Greg Schoenborn1, Douglas Goff2, and Gyorgy Marton3
1 ChevronTexaco, San Ramon, CA
2 ChevronTexaco Overseas Petroleum, Bellaire, TX
3 ChevronTexaco, Bellaire, TX

Deformation style in compressional belts is largely controlled by thickness and nature of the detachment horizon. Two thrust belts offshore Angola show this in an exemplary way.

About 150km off the coast of Cabinda (Angola) a classic thrust-belt developed during the Cenomanian (Late Cretaceous). Above a thin salt layer fault-propagation folds and detachment folds with breakthrough faults created a series of closely spaced, west-vergent duplexes with about 15km of shortening during a short time interval. Some of the duplexes were completely decapitated by erosion. Older growth strata were re-eroded and re-deposited again. The seafloor was highly accentuated during deformation with more than 800m of topographic relief and locally more than 40 deg slopes. The belt contracted at a rate of about 5 millimeters per year.

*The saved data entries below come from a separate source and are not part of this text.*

(* Let $V^*$ be as below. (i) For $(t,x)$ with $0\le t<1$ and $x>C^*\sqrt{1-t}$, $\mathcal{L}V^*(t,x)=0$. (ii) For $(t,x)$ with $0\le t<1$ and $x<C^*\sqrt{1-t}$, $\mathcal{L}V^*(t,x)\le0$.
   Context: For a function $\xi(t,x)$ of class $C^{1}$ in $t$ and $C^{2}$ in $x$, define $$\mathcal{L}\xi=\frac{\partial\xi}{\partial t}-\frac{x}{1-t}\frac{\partial\xi}{\partial x}+\frac12\frac{\partial^2\xi}{\partial x^2}.$$ $\Phi$ is the standard normal distribution function. $B^*\approx0.84$ is the unique positive solution of $\sqrt{2\pi}(1-B^2)e^{B^2/2}\Phi(B)=B$. Define $U(t,x)=\sqrt{2\pi(1-t)}(1-(B^* )^2)e^{x^2/(2(1-t))}\Phi(x/\sqrt{1-t})$ for $x<B^*\sqrt{1-t}$, and $U(t,x)=x$ otherwise. Set $f=U-x$. For $C\le B^*$ let $v(C)=\frac{1}{\Phi(-C)}[(1-(B^* )^2)\Phi(C)-Ce^{-C^2/2}/\sqrt{2\pi}]$ and $u(C)=1-(B^* )^2-(1-C^2)\Phi(-C)-\frac{C}{\sqrt{2\pi}}e^{-C^2/2}$. $C^*$ is the unique negative zero of $u$. $V^*(t,x)=\sqrt{1-t}\sqrt{2\pi}\Phi(-x/\sqrt{1-t})e^{x^2/(2(1-t))}v(C^* )$ for $x>C^*\sqrt{1-t}$, and $V^*(t,x)=f(t,x)$ for $x\le C^*\sqrt{1-t}$. *)

theory Defs
  imports "HOL-Probability.Probability"
begin

definition Phi :: "real \<Rightarrow> real" where
  "Phi x = set_lebesgue_integral lborel {..x} std_normal_density"

definition Lop :: "(real \<Rightarrow> real \<Rightarrow> real) \<Rightarrow> real \<Rightarrow> real \<Rightarrow> real" where
  "Lop \<xi> t x = deriv (\<lambda>s. \<xi> s x) t - x / (1 - t) * deriv (\<lambda>y. \<xi> t y) x
      + 1/2 * deriv (\<lambda>y. deriv (\<lambda>z. \<xi> t z) y) x"

definition Bstar :: real where
  "Bstar = (THE B. 0 < B \<and> sqrt (2*pi) * (1 - B\<^sup>2) * exp (B\<^sup>2/2) * Phi B = B)"

definition U :: "real \<Rightarrow> real \<Rightarrow> real" where
  "U t x = (if x < Bstar * sqrt (1 - t)
            then sqrt (2*pi*(1 - t)) * (1 - Bstar\<^sup>2) * exp (x\<^sup>2 / (2*(1 - t))) * Phi (x / sqrt (1 - t))
            else x)"

definition f :: "real \<Rightarrow> real \<Rightarrow> real" where
  "f t x = U t x - x"

definition v :: "real \<Rightarrow> real" where
  "v C = 1 / Phi (-C) * ((1 - Bstar\<^sup>2) * Phi C - C * exp (-C\<^sup>2/2) / sqrt (2*pi))"

definition u :: "real \<Rightarrow> real" where
  "u C = 1 - Bstar\<^sup>2 - (1 - C\<^sup>2) * Phi (-C) - C / sqrt (2*pi) * exp (-C\<^sup>2/2)"

definition Cstar :: real where
  "Cstar = (THE C. C < 0 \<and> u C = 0)"

definition Vstar :: "real \<Rightarrow> real \<Rightarrow> real" where
  "Vstar t x = (if x > Cstar * sqrt (1 - t)
     then sqrt (1 - t) * sqrt (2*pi) * Phi (- x / sqrt (1 - t)) * exp (x\<^sup>2 / (2*(1 - t))) * v Cstar
     else f t x)"

end

theory Submission
  imports Defs
begin

text \<open>
  If m' z = z * m z + c, then m'' = z m' + m, and the space-time function
  sqrt (1 - t) * m (x / sqrt (1 - t)) is annihilated by L: with z = x / sqrt (1 - t),
  L applied to it equals (m'' z - z m' z - m z) / (2 sqrt (1 - t)) = 0.
  The Mills ratio Phi (-z) / phi z and its reflection solve this equation with c = -1
  and c = 1. Above the boundary x = C* sqrt (1 - t), V* is a multiple of the first
  space-time function, so L V* = 0; below it, V* is a multiple of the second minus x,
  so L V* = x / (1 - t), which is negative because C* < 0. The latter follows from
  B*^2 > 1/2, i.e. u 0 < 0; both constants are obtained from the intermediate value
  theorem, and strict monotonicity makes their definite descriptions well defined.
\<close>

section \<open>The standard normal distribution function\<close>

lemma set_integrable_std_normal_density:
  "A \<in> sets lborel \<Longrightarrow> set_integrable lborel A std_normal_density"
  unfolding set_integrable_def by (intro integrable_mult_indicator) auto

lemma Phi_add_interval_integral:
  assumes "a \<le> y"
  shows "Phi y = Phi a + (LBINT t=a..y. std_normal_density t)"
proof -
  have "{..y} = {..a} \<union> {a<..y}" using assms by auto
  then have "Phi y = (LBINT t:{..a} \<union> {a<..y}. std_normal_density t)"
    unfolding Phi_def by simp
  also have "\<dots> = Phi a + (LBINT t:{a<..y}. std_normal_density t)"
    unfolding Phi_def by (rule set_integral_Un) (auto intro: set_integrable_std_normal_density)
  also have "(LBINT t:{a<..y}. std_normal_density t) = (LBINT t=a..y. std_normal_density t)"
    using assms by (intro interval_integral_Ioc[symmetric]) simp
  finally show ?thesis .
qed

lemma has_real_derivative_Phi: "(Phi has_real_derivative std_normal_density x) (at x)"
proof -
  have cont: "continuous_on {x - 1..x + 1} std_normal_density"
    unfolding std_normal_density_def by (intro continuous_intros) auto
  have "((\<lambda>y. Phi (x - 1) + (LBINT t=x - 1..y. std_normal_density t))
          has_vector_derivative std_normal_density x) (at x within {x - 1..x + 1})"
    using interval_integral_FTC2[OF _ _ cont] by (auto intro!: derivative_eq_intros)
  then have "(Phi has_vector_derivative std_normal_density x) (at x within {x - 1..x + 1})"
    by (rule has_vector_derivative_weaken) (auto simp: Phi_add_interval_integral)
  then show ?thesis
    by (simp add: at_within_Icc_at has_real_derivative_iff_has_vector_derivative)
qed

lemma Phi_zero: "Phi 0 = 1/2"
proof -
  have "Phi 0 = (LBINT t:{x. - x \<in> {..0}}. std_normal_density (- t))"
    unfolding Phi_def by (rule set_integral_reflect)
  also have "\<dots> = (LBINT t:{0..}. std_normal_density t)"
    by (simp add: std_normal_density_def atLeast_def)
  also have "\<dots> = (LBINT t:{0<..}. std_normal_density t)"
    by (rule set_integral_discrete_difference[where X="{0}"]) auto
  finally have right: "Phi 0 = (LBINT t:{0<..}. std_normal_density t)" .
  have "{..0::real} \<union> {0<..} = UNIV" by auto
  then have "1 = (LBINT t:{..0::real} \<union> {0<..}. std_normal_density t)"
    by (simp add: set_lebesgue_integral_def)
  also have "\<dots> = Phi 0 + (LBINT t:{0<..}. std_normal_density t)"
    unfolding Phi_def by (subst set_integral_Un) (auto simp: set_integrable_std_normal_density)
  finally show ?thesis using right by simp
qed

lemma Phi_le_1: "Phi x \<le> 1"
proof -
  have "Phi x = (\<integral>t. indicator {..x} t * std_normal_density t \<partial>lborel)"
    unfolding Phi_def set_lebesgue_integral_def by simp
  also have "\<dots> \<le> (\<integral>t. std_normal_density t \<partial>lborel)"
    using set_integrable_std_normal_density[of "{..x}"]
    by (intro integral_mono) (auto simp: set_integrable_def indicator_def)
  finally show ?thesis by simp
qed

At the edge of the Aptian salt basin close to the abyssal plain an areally much more extensive toe-thrust belt developed from the Late Cretaceous to recent times. The inflated salt reaches thicknesses of several kilometers, anticlines are wide and have a low frequency. Cretaceous and Late Miocene to recent salt canopies account for most of the modest shortening in the northern part, whereas larger shortening further south resulted in a few widely spaced thrusts and related open folds. Deformation in this belt has occurred over a very long time (since Late Cretaceous) but at a rate (<0.5mm/year) about an order of magnitude slower than in the other belt.